=== TRY IT ===
Your reply should be the following data, copied exactly.
GIVEN ENTRIES START
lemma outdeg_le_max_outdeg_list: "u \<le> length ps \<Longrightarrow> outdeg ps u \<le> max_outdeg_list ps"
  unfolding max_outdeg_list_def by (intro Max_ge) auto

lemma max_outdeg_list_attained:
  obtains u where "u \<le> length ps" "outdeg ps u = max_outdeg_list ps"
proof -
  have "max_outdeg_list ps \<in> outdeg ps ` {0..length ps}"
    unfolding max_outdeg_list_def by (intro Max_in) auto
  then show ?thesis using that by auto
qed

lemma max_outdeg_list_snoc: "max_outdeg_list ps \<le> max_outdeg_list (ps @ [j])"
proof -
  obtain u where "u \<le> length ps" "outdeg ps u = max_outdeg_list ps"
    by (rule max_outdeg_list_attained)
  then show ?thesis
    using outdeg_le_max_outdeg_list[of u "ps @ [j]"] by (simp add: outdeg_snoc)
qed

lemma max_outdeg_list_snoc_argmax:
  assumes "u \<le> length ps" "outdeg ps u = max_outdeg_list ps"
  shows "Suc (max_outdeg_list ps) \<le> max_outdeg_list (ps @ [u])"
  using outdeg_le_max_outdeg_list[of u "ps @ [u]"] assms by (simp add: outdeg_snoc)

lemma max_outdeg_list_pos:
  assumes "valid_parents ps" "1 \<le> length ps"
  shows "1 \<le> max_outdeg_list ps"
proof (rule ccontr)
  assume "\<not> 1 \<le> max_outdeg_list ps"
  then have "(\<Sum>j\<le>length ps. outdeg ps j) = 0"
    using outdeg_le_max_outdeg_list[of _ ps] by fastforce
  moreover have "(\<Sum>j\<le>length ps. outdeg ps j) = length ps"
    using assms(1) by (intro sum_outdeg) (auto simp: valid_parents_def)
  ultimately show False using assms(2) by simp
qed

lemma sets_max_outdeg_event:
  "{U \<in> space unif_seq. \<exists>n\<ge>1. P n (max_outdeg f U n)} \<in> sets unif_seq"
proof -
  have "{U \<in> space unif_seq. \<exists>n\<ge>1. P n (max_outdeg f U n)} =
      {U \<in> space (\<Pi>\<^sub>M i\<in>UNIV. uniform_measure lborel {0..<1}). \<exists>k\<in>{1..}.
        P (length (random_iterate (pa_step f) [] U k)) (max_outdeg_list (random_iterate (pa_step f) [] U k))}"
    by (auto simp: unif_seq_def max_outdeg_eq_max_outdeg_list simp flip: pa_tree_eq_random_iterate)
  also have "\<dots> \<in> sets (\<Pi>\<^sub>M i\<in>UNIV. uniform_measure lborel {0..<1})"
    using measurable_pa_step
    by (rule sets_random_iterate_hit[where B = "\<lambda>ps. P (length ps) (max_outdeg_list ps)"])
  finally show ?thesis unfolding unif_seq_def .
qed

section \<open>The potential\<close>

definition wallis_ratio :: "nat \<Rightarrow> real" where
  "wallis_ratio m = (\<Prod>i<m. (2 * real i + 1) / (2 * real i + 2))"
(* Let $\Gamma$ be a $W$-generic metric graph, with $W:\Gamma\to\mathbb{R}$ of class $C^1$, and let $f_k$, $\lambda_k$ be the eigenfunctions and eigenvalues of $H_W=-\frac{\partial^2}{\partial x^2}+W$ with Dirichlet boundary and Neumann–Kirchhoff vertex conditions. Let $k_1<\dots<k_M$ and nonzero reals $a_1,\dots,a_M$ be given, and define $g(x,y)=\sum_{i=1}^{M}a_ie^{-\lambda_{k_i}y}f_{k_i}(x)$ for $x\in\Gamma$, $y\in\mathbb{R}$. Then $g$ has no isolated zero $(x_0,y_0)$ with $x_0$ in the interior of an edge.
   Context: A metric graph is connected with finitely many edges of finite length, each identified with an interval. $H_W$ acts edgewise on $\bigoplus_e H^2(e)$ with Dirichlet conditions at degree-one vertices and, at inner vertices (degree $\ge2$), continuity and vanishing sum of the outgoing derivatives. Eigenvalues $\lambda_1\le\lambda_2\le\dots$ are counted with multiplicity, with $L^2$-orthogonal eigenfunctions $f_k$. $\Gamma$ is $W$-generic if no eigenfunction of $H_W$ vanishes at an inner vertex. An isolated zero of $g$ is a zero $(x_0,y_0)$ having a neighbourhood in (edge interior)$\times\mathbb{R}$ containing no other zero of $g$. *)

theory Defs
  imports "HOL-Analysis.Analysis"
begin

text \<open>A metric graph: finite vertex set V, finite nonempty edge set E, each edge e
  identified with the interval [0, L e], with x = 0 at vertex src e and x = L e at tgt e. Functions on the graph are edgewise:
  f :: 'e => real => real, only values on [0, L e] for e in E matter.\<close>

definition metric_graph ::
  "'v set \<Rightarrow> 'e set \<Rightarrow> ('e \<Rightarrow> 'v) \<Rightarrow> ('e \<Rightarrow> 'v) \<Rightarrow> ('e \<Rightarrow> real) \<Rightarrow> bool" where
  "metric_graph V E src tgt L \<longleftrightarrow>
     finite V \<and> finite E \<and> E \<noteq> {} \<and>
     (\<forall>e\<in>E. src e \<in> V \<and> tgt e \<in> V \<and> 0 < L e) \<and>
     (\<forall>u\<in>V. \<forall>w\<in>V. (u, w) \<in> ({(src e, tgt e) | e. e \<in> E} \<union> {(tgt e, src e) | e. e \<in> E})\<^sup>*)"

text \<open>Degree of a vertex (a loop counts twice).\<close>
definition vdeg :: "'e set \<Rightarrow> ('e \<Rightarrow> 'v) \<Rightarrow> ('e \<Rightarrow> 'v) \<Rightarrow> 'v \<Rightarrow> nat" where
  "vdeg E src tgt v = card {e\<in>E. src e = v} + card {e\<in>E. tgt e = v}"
GIVEN ENTRIES END
=== ANSWER BELOW ===
lemma outdeg_le_max_outdeg_list: "u \<le> length ps \<Longrightarrow> outdeg ps u \<le> max_outdeg_list ps"
  unfolding max_outdeg_list_def by (intro Max_ge) auto

lemma max_outdeg_list_attained:
  obtains u where "u \<le> length ps" "outdeg ps u = max_outdeg_list ps"
proof -
  have "max_outdeg_list ps \<in> outdeg ps ` {0..length ps}"
    unfolding max_outdeg_list_def by (intro Max_in) auto
  then show ?thesis using that by auto
qed

lemma max_outdeg_list_snoc: "max_outdeg_list ps \<le> max_outdeg_list (ps @ [j])"
proof -
  obtain u where "u \<le> length ps" "outdeg ps u = max_outdeg_list ps"
    by (rule max_outdeg_list_attained)
  then show ?thesis
    using outdeg_le_max_outdeg_list[of u "ps @ [j]"] by (simp add: outdeg_snoc)
qed

lemma max_outdeg_list_snoc_argmax:
  assumes "u \<le> length ps" "outdeg ps u = max_outdeg_list ps"
  shows "Suc (max_outdeg_list ps) \<le> max_outdeg_list (ps @ [u])"
  using outdeg_le_max_outdeg_list[of u "ps @ [u]"] assms by (simp add: outdeg_snoc)

lemma max_outdeg_list_pos:
  assumes "valid_parents ps" "1 \<le> length ps"
  shows "1 \<le> max_outdeg_list ps"
proof (rule ccontr)
  assume "\<not> 1 \<le> max_outdeg_list ps"
  then have "(\<Sum>j\<le>length ps. outdeg ps j) = 0"
    using outdeg_le_max_outdeg_list[of _ ps] by fastforce
  moreover have "(\<Sum>j\<le>length ps. outdeg ps j) = length ps"
    using assms(1) by (intro sum_outdeg) (auto simp: valid_parents_def)
  ultimately show False using assms(2) by simp
qed

lemma sets_max_outdeg_event:
  "{U \<in> space unif_seq. \<exists>n\<ge>1. P n (max_outdeg f U n)} \<in> sets unif_seq"
proof -
  have "{U \<in> space unif_seq. \<exists>n\<ge>1. P n (max_outdeg f U n)} =
      {U \<in> space (\<Pi>\<^sub>M i\<in>UNIV. uniform_measure lborel {0..<1}). \<exists>k\<in>{1..}.
        P (length (random_iterate (pa_step f) [] U k)) (max_outdeg_list (random_iterate (pa_step f) [] U k))}"
    by (auto simp: unif_seq_def max_outdeg_eq_max_outdeg_list simp flip: pa_tree_eq_random_iterate)
  also have "\<dots> \<in> sets (\<Pi>\<^sub>M i\<in>UNIV. uniform_measure lborel {0..<1})"
    using measurable_pa_step
    by (rule sets_random_iterate_hit[where B = "\<lambda>ps. P (length ps) (max_outdeg_list ps)"])
  finally show ?thesis unfolding unif_seq_def .
qed

section \<open>The potential\<close>

definition wallis_ratio :: "nat \<Rightarrow> real" where
  "wallis_ratio m = (\<Prod>i<m. (2 * real i + 1) / (2 * real i + 2))"
(* Let $\Gamma$ be a $W$-generic metric graph, with $W:\Gamma\to\mathbb{R}$ of class $C^1$, and let $f_k$, $\lambda_k$ be the eigenfunctions and eigenvalues of $H_W=-\frac{\partial^2}{\partial x^2}+W$ with Dirichlet boundary and Neumann–Kirchhoff vertex conditions. Let $k_1<\dots<k_M$ and nonzero reals $a_1,\dots,a_M$ be given, and define $g(x,y)=\sum_{i=1}^{M}a_ie^{-\lambda_{k_i}y}f_{k_i}(x)$ for $x\in\Gamma$, $y\in\mathbb{R}$. Then $g$ has no isolated zero $(x_0,y_0)$ with $x_0$ in the interior of an edge.
   Context: A metric graph is connected with finitely many edges of finite length, each identified with an interval. $H_W$ acts edgewise on $\bigoplus_e H^2(e)$ with Dirichlet conditions at degree-one vertices and, at inner vertices (degree $\ge2$), continuity and vanishing sum of the outgoing derivatives. Eigenvalues $\lambda_1\le\lambda_2\le\dots$ are counted with multiplicity, with $L^2$-orthogonal eigenfunctions $f_k$. $\Gamma$ is $W$-generic if no eigenfunction of $H_W$ vanishes at an inner vertex. An isolated zero of $g$ is a zero $(x_0,y_0)$ having a neighbourhood in (edge interior)$\times\mathbb{R}$ containing no other zero of $g$. *)

theory Defs
  imports "HOL-Analysis.Analysis"
begin

text \<open>A metric graph: finite vertex set V, finite nonempty edge set E, each edge e
  identified with the interval [0, L e], with x = 0 at vertex src e and x = L e at tgt e. Functions on the graph are edgewise:
  f :: 'e => real => real, only values on [0, L e] for e in E matter.\<close>

definition metric_graph ::
  "'v set \<Rightarrow> 'e set \<Rightarrow> ('e \<Rightarrow> 'v) \<Rightarrow> ('e \<Rightarrow> 'v) \<Rightarrow> ('e \<Rightarrow> real) \<Rightarrow> bool" where
  "metric_graph V E src tgt L \<longleftrightarrow>
     finite V \<and> finite E \<and> E \<noteq> {} \<and>
     (\<forall>e\<in>E. src e \<in> V \<and> tgt e \<in> V \<and> 0 < L e) \<and>
     (\<forall>u\<in>V. \<forall>w\<in>V. (u, w) \<in> ({(src e, tgt e) | e. e \<in> E} \<union> {(tgt e, src e) | e. e \<in> E})\<^sup>*)"

text \<open>Degree of a vertex (a loop counts twice).\<close>
definition vdeg :: "'e set \<Rightarrow> ('e \<Rightarrow> 'v) \<Rightarrow> ('e \<Rightarrow> 'v) \<Rightarrow> 'v \<Rightarrow> nat" where
  "vdeg E src tgt v = card {e\<in>E. src e = v} + card {e\<in>E. tgt e = v}"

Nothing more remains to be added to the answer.